SOURCE INFORMATION -
⁂

lemma smax_eq_max:
  assumes "0 < l" "1 / (2 * l) \<le> \<bar>a - b\<bar>"
  shows "smax \<eta> l a b = max a b"
proof -
  have "1/2 \<le> l * \<bar>a - b\<bar>" using assms by (simp add: field_simps)
  then have "1/2 \<le> \<bar>l * (a - b)\<bar>" using assms(1) by (simp add: abs_mult)
  then have "\<eta> (l * (a - b)) / l = \<bar>a - b\<bar>" using eq_abs assms(1) by (simp add: abs_mult)
  then show ?thesis unfolding smax_def by (auto simp: abs_if max_def)
qed

lemma smax_eq_left:
  assumes "0 < l" "1 / (2 * l) \<le> a - b"
  shows "smax \<eta> l a b = a"
proof -
  have "0 < 1 / (2 * l)" using assms(1) by simp
  then have "1 / (2 * l) \<le> \<bar>a - b\<bar>" "b \<le> a" using assms(2) by linarith+
  then show ?thesis using smax_eq_max[OF assms(1)] by (simp add: max_def)
qed

lemma smax_eq_right:
  assumes "0 < l" "1 / (2 * l) \<le> b - a"
  shows "smax \<eta> l a b = b"
proof -
  have "0 < 1 / (2 * l)" using assms(1) by simp
  then have "1 / (2 * l) \<le> \<bar>a - b\<bar>" "a \<le> b" using assms(2) by linarith+
  then show ?thesis using smax_eq_max[OF assms(1)] by (simp add: max_def)
qed

text \<open>On a level set of \<open>smax\<close> the two arguments cannot both increase, so each of them moves by
  at most the change of their difference.\<close>

lemma smax_level_set:
  assumes "0 < l" "smax \<eta> l a b = smax \<eta> l a' b'"
  shows "\<bar>a - a'\<bar> \<le> \<bar>(a - b) - (a' - b')\<bar>" "\<bar>b - b'\<bar> \<le> \<bar>(a - b) - (a' - b')\<bar>"
proof -
  have no_increase: False if "a1 < a2" "b1 < b2" "smax \<eta> l a1 b1 = smax \<eta> l a2 b2" for a1 a2 b1 b2
  proof -
    define s where "s = min (a2 - a1) (b2 - b1)"
    have "smax \<eta> l (a1 + s) (b1 + s) \<le> smax \<eta> l a2 b2"
      using assms(1) that by (intro smax_mono) (auto simp: s_def)
    then show False using smax_add[of l a1 s b1] that by (simp add: s_def)
  qed
  have "\<not> (a < a' \<and> b < b')" "\<not> (a' < a \<and> b' < b)"
    using no_increase[of a a' b b'] no_increase[of a' a b' b] assms(2) by auto
  then show "\<bar>a - a'\<bar> \<le> \<bar>(a - b) - (a' - b')\<bar>" "\<bar>b - b'\<bar> \<le> \<bar>(a - b) - (a' - b')\<bar>" by auto
qed

lemma uhat_mono:
  assumes "0 < lam0" "0 < \<gamma>" "\<gamma> \<le> 1" "\<And>l. l \<le> m \<Longrightarrow> u l x \<le> v l y"
  shows "uhat \<eta> \<gamma> lam0 u m x \<le> uhat \<eta> \<gamma> lam0 v m y"
  using assms(4)
proof (induction m)
  case (Suc m)
  then show ?case
    unfolding uhat_Suc_smax using lam_pos[OF assms(1-3)] by (intro smax_mono) auto
qed simp

lemma uhat_add:
  assumes "\<And>l. l \<le> m \<Longrightarrow> v l y = u l x + s"
  shows "uhat \<eta> \<gamma> lam0 v m y = uhat \<eta> \<gamma> lam0 u m x + s"
  using assms by (induction m) (simp_all add: uhat_Suc_smax smax_add[symmetric])

lemma uhat_ge:
  assumes "0 < lam0" "0 < \<gamma>" "\<gamma> \<le> 1" "l \<le> m"
  shows "u l x \<le> uhat \<eta> \<gamma> lam0 u m x"
  using assms(4)
proof (induction m)
  case (Suc m)
  have "u l x \<le> max (uhat \<eta> \<gamma> lam0 u m x) (u (Suc m) x)"
    using Suc by (cases "l = Suc m") auto
  also have "\<dots> \<le> uhat \<eta> \<gamma> lam0 u (Suc m) x"
    unfolding uhat_Suc_smax by (rule max_le_smax[OF lam_pos[OF assms(1-3)]])
  finally show ?case .
qed simp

⁂

WHAT THIS TASK INVOLVES - Using the listing, collect all lines in which the string "that" is found.

EXERCISE RESULT -
      using assms(1) that by (intro smax_mono) (auto simp: s_def)
    then show False using smax_add[of l a1 s b1] that by (simp add: s_def)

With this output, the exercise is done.